### WHAT TO PRODUCE
The answer must consist of every line below containing "that".

### Recorded data
------------------------

lemma mem_inf_rep_if_mod_ideal_prod:
  assumes U: "free_ultrafilter U" and a: "bideal U a" and sat: "saturated U a"
    and P: "P \<in> bpoly U" and S: "S \<in> ideal_prod (inf_rep U a) (inf_rep U a)"
    and PS: "(\<lambda>i. P i - S i) \<in> a"
  shows "P \<in> inf_rep U a"
proof -
  note inf_rep = inf_rep_saturated[OF sat]
  have a_bpoly: "a \<subseteq> bpoly U" using a by (simp add: bideal_def)
  obtain m :: nat and Q R where S_eq: "S = (\<lambda>i. \<Sum>k<m. Q k i * R k i)"
    and Q: "\<And>k. k < m \<Longrightarrow> Q k \<in> inf_rep U a" and R: "\<And>k. k < m \<Longrightarrow> R k \<in> inf_rep U a"
    using S unfolding ideal_prod_def by blast
  have "\<forall>k. \<exists>B. k < m \<longrightarrow> B \<in> a \<and> st_poly U B = st_poly U (Q k)"
    using Q unfolding inf_rep by (auto simp: eq_commute)
  then obtain A where A: "\<And>k. k < m \<Longrightarrow> A k \<in> a \<and> st_poly U (A k) = st_poly U (Q k)"
    by metis
  define T where "T i = (P i - S i) + (\<Sum>k<m. R k i * A k i)" for i
  have "T \<in> a"
    unfolding T_def using R A by (intro bideal_add_sum_mult[OF a PS]) (auto simp: inf_rep_def)
  moreover have "st_poly U P = st_poly U T"
  proof
    fix x
    have bpoly: "Q k \<in> bpoly U" "R k \<in> bpoly U" "A k \<in> bpoly U" if "k < m" for k
      using Q[OF that] R[OF that] A[OF that] a_bpoly by (auto simp: inf_rep_def)
    have lim_A: "((\<lambda>i. mpeval (A k i) x) \<longlongrightarrow> st_poly U (Q k) x) U" if "k < m" for k
      using tendsto_mpeval_st_poly[OF U bpoly(3)[OF that]] A[OF that] by simp
    have "((\<lambda>i. \<Sum>k<m. mpeval (Q k i) x * mpeval (R k i) x)
        \<longlongrightarrow> (\<Sum>k<m. st_poly U (Q k) x * st_poly U (R k) x)) U"
      by (intro tendsto_sum tendsto_mult) (auto intro: tendsto_mpeval_st_poly[OF U] bpoly)
    moreover have "((\<lambda>i. \<Sum>k<m. mpeval (R k i) x * mpeval (A k i) x)
        \<longlongrightarrow> (\<Sum>k<m. st_poly U (R k) x * st_poly U (Q k) x)) U"
      by (intro tendsto_sum tendsto_mult) (auto intro: tendsto_mpeval_st_poly[OF U] bpoly lim_A)
    ultimately have "((\<lambda>i. mpeval (T i) x) \<longlongrightarrow> st_poly U P x
        - (\<Sum>k<m. st_poly U (Q k) x * st_poly U (R k) x)
        + (\<Sum>k<m. st_poly U (R k) x * st_poly U (Q k) x)) U"
      unfolding T_def S_eq mpeval_add mpeval_diff mpeval_sum mpeval_mult
      by (intro tendsto_add tendsto_diff tendsto_mpeval_st_poly[OF U P])
    then show "st_poly U P x = st_poly U T x"
      by (intro st_poly_eqI[OF U, symmetric]) (simp add: mult.commute)
  qed
  ultimately show ?thesis unfolding inf_rep using P by auto
qed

------------------------

### SOLUTION TO THIS TASK
      using Q[OF that] R[OF that] A[OF that] a_bpoly by (auto simp: inf_rep_def)
      using tendsto_mpeval_st_poly[OF U bpoly(3)[OF that]] A[OF that] by simp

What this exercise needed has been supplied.